lemma av_null_bounded: assumes "av_null u I" shows "\<exists>B>0. \<forall>i\<in>I. av (u i) \<le> B"
proof -
  define S where "S = {i\<in>I. 1 \<le> av (u i)}"
  have fin: "finite S" using assms unfolding av_null_def S_def by simp
  define B where "B = 1 + sum (\<lambda>i. av (u i)) S"
  have B0: "B > 0" unfolding B_def using nonneg by (simp add: add_pos_nonneg sum_nonneg)
  have "av (u i) \<le> B" if "i \<in> I" for i
  proof (cases "i \<in> S")
    case True
    then have "av (u i) \<le> sum (\<lambda>i. av (u i)) S"
      using fin by (intro member_le_sum) (auto simp: nonneg)
    then show ?thesis unfolding B_def by simp
  next
    case False
    then have "av (u i) < 1" using that unfolding S_def by auto
    then show ?thesis unfolding B_def
      using nonneg by (simp add: sum_nonneg add_increasing2 less_imp_le)
  qed
  then show ?thesis using B0 by blast
qed

lemma av_null_level_sums_converge:
  assumes "av_null u I"
  obtains L where "(\<lambda>k. av (sum u {i\<in>I. 1 / real (Suc k) \<le> av (u i)} - L)) \<longlonglongrightarrow> 0"
proof -
  define A where "A k = {i\<in>I. 1 / real (Suc k) \<le> av (u i)}" for k
  have A_finite: "finite (A k)" for k using assms unfolding av_null_def A_def by simp
  have A_mono: "A k \<subseteq> A k'" if "k \<le> k'" for k k'
  proof -
    have "1 / real (Suc k') \<le> 1 / real (Suc k)" using that by (simp add: frac_le)
    then show ?thesis unfolding A_def by auto
  qed
  have diff: "av (sum u (A n) - sum u (A m)) < 1 / real (Suc M)" if "M \<le> m" "m \<le> n" for M m n
  proof -
    have "av (u i) < 1 / real (Suc M)" if "i \<in> A n - A m" for i
    proof -
      have "av (u i) < 1 / real (Suc m)" using that unfolding A_def by auto
      also have "\<dots> \<le> 1 / real (Suc M)" using \<open>M \<le> m\<close> by (simp add: frac_le)
      finally show ?thesis .
    qed
    then have "av (sum u (A n - A m)) < 1 / real (Suc M)" by (intro av_sum_less) auto
    then show ?thesis using A_mono[OF that(2)] A_finite by (simp add: sum_diff)
  qed
  have "\<forall>e>0. \<exists>M. \<forall>m\<ge>M. \<forall>n\<ge>M. av (sum u (A m) - sum u (A n)) < e"
  proof (intro allI impI)
    fix e :: real assume "e > 0"
    then obtain M where M: "1 / real (Suc M) < e" by (rule nat_approx_posE)
    have "av (sum u (A m) - sum u (A n)) < e" if "M \<le> m" "M \<le> n" for m n
      using diff[of M m n] diff[of M n m] that M av_diff_commute[of "sum u (A m)"]
      by (cases "m \<le> n") auto
    then show "\<exists>M. \<forall>m\<ge>M. \<forall>n\<ge>M. av (sum u (A m) - sum u (A n)) < e" by blast
  qed
  then obtain L where "(\<lambda>k. av (sum u (A k) - L)) \<longlonglongrightarrow> 0"
    using complete[of "\<lambda>k. sum u (A k)"] by blast
  with that show thesis unfolding A_def by blast
qed

lemma av_null_imp_has_av_sum: assumes "av_null u I" shows "\<exists>L. has_av_sum u I L"
proof -
  define A where "A k = {i\<in>I. 1 / real (Suc k) \<le> av (u i)}" for k
  obtain L where L: "(\<lambda>k. av (sum u (A k) - L)) \<longlonglongrightarrow> 0"
    using av_null_level_sums_converge[OF assms] unfolding A_def by blast
  have "has_av_sum u I L" unfolding has_av_sum_def
  proof (intro allI impI)
    fix e :: real assume e: "e > 0"
    have "eventually (\<lambda>k. av (sum u (A k) - L) < e \<and> 1 / real (Suc k) < e) sequentially"
      using order_tendstoD(2)[OF L e] order_tendstoD(2)[OF LIMSEQ_inverse_real_of_nat e]
      by eventually_elim (simp add: inverse_eq_divide)
    then obtain k where k: "av (sum u (A k) - L) < e" "1 / real (Suc k) < e"
      using eventually_sequentially by auto
    have "av (sum u F - L) < e" if F: "finite F" "A k \<subseteq> F" "F \<subseteq> I" for F
    proof -
      have "av (u i) < e" if "i \<in> F - A k" for i
        using that F(3) k(2) unfolding A_def by fastforce
      then have "av (sum u (F - A k)) < e" by (intro av_sum_less[OF e]) auto
      moreover have "sum u F - L = sum u (F - A k) + (sum u (A k) - L)"
        using F by (simp add: sum_diff finite_subset)
      ultimately show ?thesis by (metis av_add_less k(1))
    qed
    moreover have "finite (A k)" "A k \<subseteq> I" using assms unfolding av_null_def A_def by auto
    ultimately show "\<exists>F0. finite F0 \<and> F0 \<subseteq> I \<and>
        (\<forall>F. finite F \<longrightarrow> F0 \<subseteq> F \<longrightarrow> F \<subseteq> I \<longrightarrow> av (sum u F - L) < e)" by blast
  qed
  then show ?thesis ..
qed

lemma has_av_sum_exhaustion:
  assumes "has_av_sum u I L" "\<And>d. finite (A d)" "\<And>d. A d \<subseteq> I" "mono A" "\<And>i. i \<in> I \<Longrightarrow> \<exists>d. i \<in> A d"
  shows "(\<lambda>d. av (sum u (A d) - L)) \<longlonglongrightarrow> 0"
proof (rule LIMSEQ_I)
  fix e :: real assume e: "e > 0"
  obtain F0 where F0: "finite F0" "F0 \<subseteq> I"
      "\<And>F. finite F \<Longrightarrow> F0 \<subseteq> F \<Longrightarrow> F \<subseteq> I \<Longrightarrow> av (sum u F - L) < e"
    by (rule has_av_sumE[OF assms(1) e], blast)
  have "\<exists>d. G \<subseteq> A d" if "finite G" "G \<subseteq> I" for G
    using that
  proof (induction G rule: finite_induct)
    case empty then show ?case by simp
  next
    case (insert i G)
    then obtain d1 where "G \<subseteq> A d1" by auto
    moreover obtain d2 where "i \<in> A d2" using assms(5)[of i] insert.prems by blast
    ultimately have "insert i G \<subseteq> A (max d1 d2)"
    proof -
      have "A d1 \<subseteq> A (max d1 d2)" "A d2 \<subseteq> A (max d1 d2)"
        using assms(4) unfolding mono_def by auto
      then show ?thesis using \<open>G \<subseteq> A d1\<close> \<open>i \<in> A d2\<close> by auto
    qed
    then show ?case by blast
  qed
  then obtain d where d: "F0 \<subseteq> A d" using F0 by blast
  show "\<exists>no. \<forall>n\<ge>no. norm (av (sum u (A n) - L) - 0) < e"
  proof (intro exI allI impI)
    fix n assume "d \<le> n"
    then have "F0 \<subseteq> A n" using d assms(4) unfolding mono_def by blast
    then show "norm (av (sum u (A n) - L) - 0) < e" using F0(3)[of "A n"] assms(2,3) nonneg by simp
  qed
qed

===============

> Activity: Using the data above, print exactly the lines from the line that contains "by eventually_elim (simp" through the line that contains "av_sum_less[OF e]) auto", with both included.

> Task response:
      by eventually_elim (simp add: inverse_eq_divide)
    then obtain k where k: "av (sum u (A k) - L) < e" "1 / real (Suc k) < e"
      using eventually_sequentially by auto
    have "av (sum u F - L) < e" if F: "finite F" "A k \<subseteq> F" "F \<subseteq> I" for F
    proof -
      have "av (u i) < e" if "i \<in> F - A k" for i
        using that F(3) k(2) unfolding A_def by fastforce
      then have "av (sum u (F - A k)) < e" by (intro av_sum_less[OF e]) auto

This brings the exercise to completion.